3. Absence de Politiques Claires et Ambitieuses pour la Biodiversité
Le Gabon est un pays exceptionnellement riche en biodiversité, abritant des écosystèmes uniques et précieux. Pourtant, la constitution ne semble pas intégrer pleinement la nécessité de politiques ambitieuses en matière de conservation de la nature. La gestion durable des ressources naturelles, la préservation des forêts tropicales, la protection des espèces en danger ou encore l’engagement contre le braconnage ne sont que peu ou mal abordés dans le texte constitutionnel.
Une vraie constitution verte devrait obliger l’État à adopter des politiques spécifiques, mesurables et à long terme pour préserver ces richesses naturelles. La protection de l’environnement doit inclure des mesures concrètes, telles que des zones protégées, des lois anti-pollution rigoureuses, et des incitations pour les entreprises à adopter des pratiques durables. En l’état, la constitution ne propose qu’un cadre vague qui ne pourra pas garantir une politique environnementale ambitieuse.

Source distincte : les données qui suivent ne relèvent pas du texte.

(* Consider the following continuous-time Markov decision process (the bandit process of a self-shared ride-sharing service). Fix parameters $\lambda>0$ (arrival rate), $\mu>0$ (reneging rate), $R>0$ (reward for serving a pair), $\bar R>0$ (reward for a non-shared service) and $C\ge 0$ (reneging penalty), and write $X:=\bar R-C$. The state space is $\{0,1\}$ (number of waiting customers) and in each state an action $a\in\{0,1\}$ is chosen. Under action $a$: in state $0$ the process jumps to state $1$ at rate $a\lambda$ and earns reward rate $0$; in state $1$ the process jumps to state $0$ at total rate $a\lambda+\mu$ and earns reward rate $Ra\lambda+X\mu$ (a pair is served at rate $a\lambda$, earning $R$ per pair; the waiting customer reneges at rate $\mu$, earning $X$). For $\eta\in\mathbb{R}$, the $\eta$-process is the same process in which the reward rate in state $n$ under action $a$ is additionally reduced by $\eta a$. The Whittle index $\eta(n)$ of state $n\in\{0,1\}$ is a value of $\eta$ at which there exist two stationary deterministic policies maximizing the long-run average reward of the $\eta$-process, one taking action $1$ and the other taking action $0$ in state $n$; and the process is Whittle indexable if, for each state $n$, action $1$ in state $n$ is optimal for all $\eta<\eta(n)$ and action $0$ is optimal for all $\eta>\eta(n)$. Then the process is Whittle indexable and its Whittle indices are as follows. If $R<2X$, then $$\eta(0)=\lambda X,\qquad \eta(1)=\frac{\lambda}{2\lambda+\mu}\bigl((\lambda+\mu)R-\mu X\bigr);$$ otherwise (if $R\ge 2X$), $$\eta(0)=\eta(1)=\frac{\lambda}{2\lambda+\mu}\bigl(\lambda R+\mu X\bigr).$$
   Context: This models a ride-sharing service in which two customers of the same type can share one vehicle: an arriving customer assigned to the service (action $1$) either waits (if nobody is waiting) or departs together with the single waiting customer (if one is waiting); a waiting customer becomes impatient after an exponential time of rate $\mu$ and leaves for a non-shared service, which yields reward $\bar R$ minus penalty $C$. Long-run average reward means $\lim_{T\to\infty}\frac1T\mathbb{E}\int_0^T(\text{reward rate})\,dt$. *)

theory Defs
  imports "HOL-Analysis.Analysis"
begin

text \<open>States are 0 and 1 (number of waiting customers); actions are 0 and 1.
  A stationary deterministic policy is a map d with d 0, d 1 in {0,1}.\<close>

definition valid_policy :: "(nat \<Rightarrow> nat) \<Rightarrow> bool" where
  "valid_policy d \<longleftrightarrow> d 0 \<in> {0,1} \<and> d 1 \<in> {0,1}"

definition jump_rate :: "real \<Rightarrow> real \<Rightarrow> nat \<Rightarrow> nat \<Rightarrow> nat \<Rightarrow> real" where
  "jump_rate lam mu a n m =
     (if n = 0 \<and> m = 1 then real a * lam
      else if n = 1 \<and> m = 0 then real a * lam + mu
      else 0)"

definition generator :: "real \<Rightarrow> real \<Rightarrow> (nat \<Rightarrow> nat) \<Rightarrow> nat \<Rightarrow> nat \<Rightarrow> real" where
  "generator lam mu d n m =
     (if n = m then - (\<Sum>k\<in>{0,1} - {n}. jump_rate lam mu (d n) n k)
      else jump_rate lam mu (d n) n m)"

fun matpow :: "(nat \<Rightarrow> nat \<Rightarrow> real) \<Rightarrow> nat \<Rightarrow> nat \<Rightarrow> nat \<Rightarrow> real" where
  "matpow Q 0 i j = (if i = j then 1 else 0)"
| "matpow Q (Suc k) i j = (\<Sum>l\<in>{0,1}. matpow Q k i l * Q l j)"

definition trans_prob :: "real \<Rightarrow> real \<Rightarrow> (nat \<Rightarrow> nat) \<Rightarrow> real \<Rightarrow> nat \<Rightarrow> nat \<Rightarrow> real" where
  "trans_prob lam mu d t i j = (\<Sum>k. t ^ k / fact k * matpow (generator lam mu d) k i j)"

definition reward_rate :: "real \<Rightarrow> real \<Rightarrow> real \<Rightarrow> real \<Rightarrow> real \<Rightarrow> nat \<Rightarrow> nat \<Rightarrow> real" where
  "reward_rate lam mu R X eta a n =
     (if n = 1 then R * real a * lam + X * mu else 0) - eta * real a"

definition avg_reward :: "real \<Rightarrow> real \<Rightarrow> real \<Rightarrow> real \<Rightarrow> real \<Rightarrow> (nat \<Rightarrow> nat) \<Rightarrow> nat \<Rightarrow> real" where
  "avg_reward lam mu R X eta d i =
     Lim at_top (\<lambda>T. (1 / T) * integral {0..T}
        (\<lambda>t. \<Sum>j\<in>{0,1}. trans_prob lam mu d t i j * reward_rate lam mu R X eta (d j) j))"

definition optimal_policy :: "real \<Rightarrow> real \<Rightarrow> real \<Rightarrow> real \<Rightarrow> real \<Rightarrow> (nat \<Rightarrow> nat) \<Rightarrow> bool" where
  "optimal_policy lam mu R X eta d \<longleftrightarrow> valid_policy d \<and>
     (\<forall>d'. valid_policy d' \<longrightarrow>
        (\<forall>i\<in>{0,1}. avg_reward lam mu R X eta d' i \<le> avg_reward lam mu R X eta d i))"

definition action_optimal :: "real \<Rightarrow> real \<Rightarrow> real \<Rightarrow> real \<Rightarrow> real \<Rightarrow> nat \<Rightarrow> nat \<Rightarrow> bool" where
  "action_optimal lam mu R X eta n a \<longleftrightarrow>
     (\<exists>d. optimal_policy lam mu R X eta d \<and> d n = a)"

definition is_whittle_index :: "real \<Rightarrow> real \<Rightarrow> real \<Rightarrow> real \<Rightarrow> nat \<Rightarrow> real \<Rightarrow> bool" where
  "is_whittle_index lam mu R X n eta \<longleftrightarrow>
     action_optimal lam mu R X eta n 1 \<and> action_optimal lam mu R X eta n 0"

definition whittle_indexable_with :: "real \<Rightarrow> real \<Rightarrow> real \<Rightarrow> real \<Rightarrow> (nat \<Rightarrow> real) \<Rightarrow> bool" where
  "whittle_indexable_with lam mu R X idx \<longleftrightarrow>
     (\<forall>n\<in>{0,1}. is_whittle_index lam mu R X n (idx n) \<and>
        (\<forall>eta. eta < idx n \<longrightarrow> action_optimal lam mu R X eta n 1) \<and>
        (\<forall>eta. eta > idx n \<longrightarrow> action_optimal lam mu R X eta n 0))"

definition whittle_indexable :: "real \<Rightarrow> real \<Rightarrow> real \<Rightarrow> real \<Rightarrow> bool" where
  "whittle_indexable lam mu R X \<longleftrightarrow> (\<exists>idx. whittle_indexable_with lam mu R X idx)"

end

theory Submission
  imports Defs "HOL-Real_Asymp.Real_Asymp"
begin

text \<open>For a two-state generator \<open>Q\<close> with total rate \<open>s\<close> one has \<open>Q\<^sup>2 = -s Q\<close>, so
  \<open>exp (t Q) = I + (1 - exp (-s t)) Q / s\<close> and the long-run average reward of a policy is its
  stationary reward, whatever the initial state. Never admitting earns 0, admitting only in
  state 0 earns \<open>p(\<eta>) = \<mu>/(\<lambda>+\<mu>) (\<lambda>X - \<eta>)\<close> and always admitting earns
  \<open>q(\<eta>) = \<lambda>(\<lambda>R+\<mu>X)/(2\<lambda>+\<mu>) - \<eta>\<close>. These three affine functions of \<open>\<eta>\<close> cross pairwise at
  \<open>\<lambda>X\<close>, \<open>\<lambda>(\<lambda>R+\<mu>X)/(2\<lambda>+\<mu>)\<close> and \<open>\<lambda>((\<lambda>+\<mu>)R-\<mu>X)/(2\<lambda>+\<mu>)\<close>, and the sign of \<open>R - 2X\<close>
  decides in which order; the indices are read off from the upper envelope.\<close>

lemma generator_values:
  "generator lam mu d 0 0 = - (real (d 0) * lam)"
  "generator lam mu d 0 1 = real (d 0) * lam"
  "generator lam mu d 1 0 = real (d 1) * lam + mu"
  "generator lam mu d 1 1 = - (real (d 1) * lam + mu)"
  by (simp_all add: generator_def jump_rate_def)

lemma matpow_two_state_generator:
  assumes Q: "Q 0 0 = -a" "Q 0 1 = a" "Q 1 0 = b" "Q 1 1 = -b" and i: "i \<in> {0,1::nat}"
  shows "j \<in> {0,1} \<Longrightarrow> matpow Q (Suc k) i j = (-(a+b))^k * Q i j"
proof (induction k arbitrary: j)
  case 0
  then show ?case using i by auto
next
  case (Suc k)
  have "matpow Q (Suc (Suc k)) i j = (\<Sum>l\<in>{0,1}. matpow Q (Suc k) i l * Q l j)" by simp
  also have "\<dots> = (\<Sum>l\<in>{0,1::nat}. (-(a+b))^k * Q i l * Q l j)"
    by (rule sum.cong[OF refl]) (metis Suc.IH mult.assoc)
  also have "\<dots> = (-(a+b))^Suc k * Q i j"
    using i Suc.prems Q by (auto simp: algebra_simps)
  finally show ?case .
qed

lemma exp_series_two_state_generator:
  fixes Q :: "nat \<Rightarrow> nat \<Rightarrow> real"
  assumes Q: "Q 0 0 = -a" "Q 0 1 = a" "Q 1 0 = b" "Q 1 1 = -b"
    and s: "a + b \<noteq> 0" and ij: "i \<in> {0,1}" "j \<in> {0,1}"
  shows "(\<lambda>k. t ^ k / fact k * matpow Q k i j) sums
    ((if i = j then 1 else 0) + Q i j * (1 - exp (- ((a + b) * t))) / (a + b))"
proof -
  define s where "s = a + b"
  have "s \<noteq> 0" using s by (simp add: s_def)
  define \<delta> where "\<delta> = (if i = j then 1 else 0 :: real)"
  have "(\<lambda>k. (-(s*t))^k / fact k) sums exp (-(s*t))"
    using exp_converges[of "-(s*t)"] by (simp add: divide_inverse mult.commute)
  then have "(\<lambda>k. - Q i j / s * ((-(s*t))^k / fact k) + (if k = 0 then \<delta> + Q i j / s else 0))
      sums (- Q i j / s * exp (-(s*t)) + (\<delta> + Q i j / s))"
    by (intro sums_add sums_mult sums_single)
  moreover have "t ^ k / fact k * matpow Q k i j =
      - Q i j / s * ((-(s*t))^k / fact k) + (if k = 0 then \<delta> + Q i j / s else 0)" for k
  proof (cases k)
    case 0
    then show ?thesis by (simp add: \<delta>_def)
  next
    case (Suc m)
    have "matpow Q k i j = (-s)^m * Q i j"
      unfolding Suc s_def by (rule matpow_two_state_generator[OF Q ij])
    moreover have "(-(s*t))^k = -s * ((-s)^m * t^k)"
      unfolding Suc by (metis mult_minus_left power_mult_distrib power_Suc mult.assoc)
    ultimately show ?thesis
      using Suc \<open>s \<noteq> 0\<close> by (simp only:) (simp add: field_simps del: fact_Suc power_Suc)
  qed
  ultimately have "(\<lambda>k. t ^ k / fact k * matpow Q k i j) sums
      (- Q i j / s * exp (-(s*t)) + (\<delta> + Q i j / s))"
    by simp
  moreover have "- Q i j / s * exp (-(s*t)) + (\<delta> + Q i j / s) = \<delta> + Q i j * (1 - exp (-(s*t))) / s"
    by (simp add: algebra_simps diff_divide_distrib)
  ultimately show ?thesis
    unfolding s_def \<delta>_def by argo
qed

lemma trans_prob_eq:
  fixes d :: "nat \<Rightarrow> nat"
  assumes "lam \<ge> 0" "mu > 0" "i \<in> {0,1}" "j \<in> {0,1}"
  defines "s \<equiv> real (d 0) * lam + (real (d 1) * lam + mu)"
  shows "trans_prob lam mu d t i j =
     (if i = j then 1 else 0) + generator lam mu d i j * (1 - exp (- (s * t))) / s"
proof -
  have "real (d 0) * lam + (real (d 1) * lam + mu) > 0"
    using assms by (simp add: add_nonneg_pos)
  then show ?thesis
    unfolding trans_prob_def s_def
    by (intro sums_unique[symmetric] exp_series_two_state_generator[OF generator_values])
      (use assms in auto)
qed

lemma integral_const_minus_exp:
  fixes A c s T :: real
  assumes "s \<noteq> 0" "T \<ge> 0"
  shows "integral {0..T} (\<lambda>t. A - c * exp (-(s*t))) = A * T + c * (exp (-(s*T)) - 1) / s"
proof -
  let ?F = "\<lambda>t. A * t + c * exp (-(s*t)) / s"
  have "((\<lambda>t. A - c * exp (-(s*t))) has_integral (?F T - ?F 0)) {0..T}"
  proof (rule fundamental_theorem_of_calculus[OF assms(2)])
    fix x :: real
    have "(?F has_real_derivative (A - c * exp (-(s*x)))) (at x within {0..T})"
      using assms(1) by (auto intro!: derivative_eq_intros simp: field_simps)
    then show "(?F has_vector_derivative (A - c * exp (-(s*x)))) (at x within {0..T})"
      by (simp add: has_real_derivative_iff_has_vector_derivative)
  qed
  then show ?thesis
    by (simp add: integral_unique diff_divide_distrib right_diff_distrib)
qed

lemma time_average_const_minus_exp_tendsto:
  fixes A c s :: real
  assumes "s > 0"
  shows "((\<lambda>T. (1 / T) * integral {0..T} (\<lambda>t. A - c * exp (-(s*t)))) \<longlongrightarrow> A) at_top"
proof -
  have "((\<lambda>T. A + (c * (exp (-(s*T)) - 1) / s) / T) \<longlongrightarrow> A + 0) at_top"
    using assms by (intro tendsto_intros) real_asymp
  moreover have "eventually (\<lambda>T. A + (c * (exp (-(s*T)) - 1) / s) / T =
      (1 / T) * integral {0..T} (\<lambda>t. A - c * exp (-(s*t)))) at_top"
    using eventually_gt_at_top[of 0]
    by eventually_elim (use assms in \<open>simp add: integral_const_minus_exp, simp add: field_simps\<close>)
  ultimately show ?thesis
    by (simp add: tendsto_cong)
qed

text \<open>The chain of policy (x, y) leaves state 0 at rate \<open>a = x\<lambda>\<close> and state 1 at rate
  \<open>b = y\<lambda> + \<mu>\<close>; its stationary distribution is \<open>(b, a) / (a + b)\<close>.\<close>

definition stationary_reward :: "real \<Rightarrow> real \<Rightarrow> real \<Rightarrow> real \<Rightarrow> real \<Rightarrow> nat \<Rightarrow> nat \<Rightarrow> real" where
  "stationary_reward lam mu R X eta x y =
    ((real y * lam + mu) * reward_rate lam mu R X eta x 0 +
     real x * lam * reward_rate lam mu R X eta y 1) / (real x * lam + (real y * lam + mu))"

4. Absence d’Engagement Concret pour la Lutte contre le Changement Climatique
L’absence d’une stratégie nationale claire pour la lutte contre le changement climatique dans cette constitution est une autre raison de s’opposer à sa validation. Alors que le Gabon est un petit contributeur aux émissions mondiales de gaz à effet de serre, il est crucial que le pays joue un rôle de leader en Afrique centrale en matière de lutte contre le changement climatique. Cela nécessiterait des engagements concrets, comme la réduction des émissions, la promotion des énergies renouvelables, la protection des zones maritimes et forestières, ainsi que des investissements dans les infrastructures vertes.

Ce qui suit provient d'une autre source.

lemma weighted_divergence_ge_on_Alt:
  assumes sig: "\<forall>a\<in>arms. \<forall>i\<in>{1..J}. \<sigma> a i > 0"
    and nonneg: "\<forall>a\<in>arms. \<forall>i\<in>{1..J}. 0 \<le> w a i"
    and supp: "samples_support J \<beta> w"
    and mu: "\<mu> \<in> LL J \<beta>" and l: "l \<in> Alt J \<beta> \<mu>"
  shows "(gap J \<beta> \<mu>)^2 / (2 * gap_variance J \<beta> \<sigma> w) \<le> weighted_divergence J \<sigma> \<mu> w l"
proof -
  define D where "D = gap J \<beta> \<mu>"
  define E where "E = gap J \<beta> l"
  define Q where "Q = gap_variance J \<beta> \<sigma> w"
  have "D * E < 0"
    using l mu by (simp add: Alt_iff_gap_sign D_def E_def)
  have "0 < Q"
    unfolding Q_def using sig nonneg supp mu by (rule gap_variance_pos)
  have "D^2 / (2 * Q) \<le> D^2 / (2 * Q) - D * E / Q"
    using divide_neg_pos[OF \<open>D * E < 0\<close> \<open>0 < Q\<close>] by linarith
  also have "\<dots> = D / Q * (D - E) - (D / Q)^2 / 2 * Q"
    using \<open>0 < Q\<close> by (simp add: power2_eq_square field_simps)
  also have "\<dots> \<le> weighted_divergence J \<sigma> \<mu> w l"
    unfolding D_def E_def Q_def by (rule weighted_divergence_ge_dual[OF sig nonneg supp])
  finally show ?thesis
    by (simp add: D_def Q_def)
qed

La constitution actuelle ne prévoit aucun cadre formel pour la mise en œuvre des engagements climatiques pris lors des accords internationaux tels que l’Accord de Paris. Ce manque d’engagement national représente une véritable opportunité manquée de positionner le Gabon comme un acteur fort et responsable dans la lutte pour un avenir climatique durable.
5. Le Rôle de la Société Civile Éclipsé
Un autre point critique est le rôle marginalisé de la société civile dans la gestion environnementale. Alors que de nombreux pays intègrent des mécanismes pour impliquer les citoyens, les organisations environnementales et les entreprises dans les processus de décision, cette constitution ne prévoit aucune disposition permettant une véritable participation démocratique de ces acteurs dans les décisions liées à l’environnement. La consultation publique et la transparence sont des éléments fondamentaux pour la mise en œuvre d’une politique environnementale durable.
L’absence de ces mécanismes de gouvernance inclusive et participative constitue une faiblesse majeure, car la protection de l’environnement nécessite une collaboration à tous les niveaux. La société civile doit pouvoir jouer un rôle essentiel en matière de surveillance des actions gouvernementales, de plaidoyer pour une meilleure gestion des ressources naturelles, et d’implication dans les décisions publiques.
Un Manque d’Ambition pour l’Avenir
En l’état, la nouvelle constitution gabonaise ne répond pas aux enjeux environnementaux pressants du pays. Elle offre une protection trop faible et trop vague de l’environnement, ne garantit pas de politiques publiques ambitieuses pour la biodiversité et le changement climatique, et omet de considérer la protection de l’environnement comme un droit fondamental des citoyens. Le Gabon mérite une constitution qui intègre la question environnementale de manière sérieuse et engage l’État à prendre des mesures concrètes pour préserver ses écosystèmes pour les générations futures.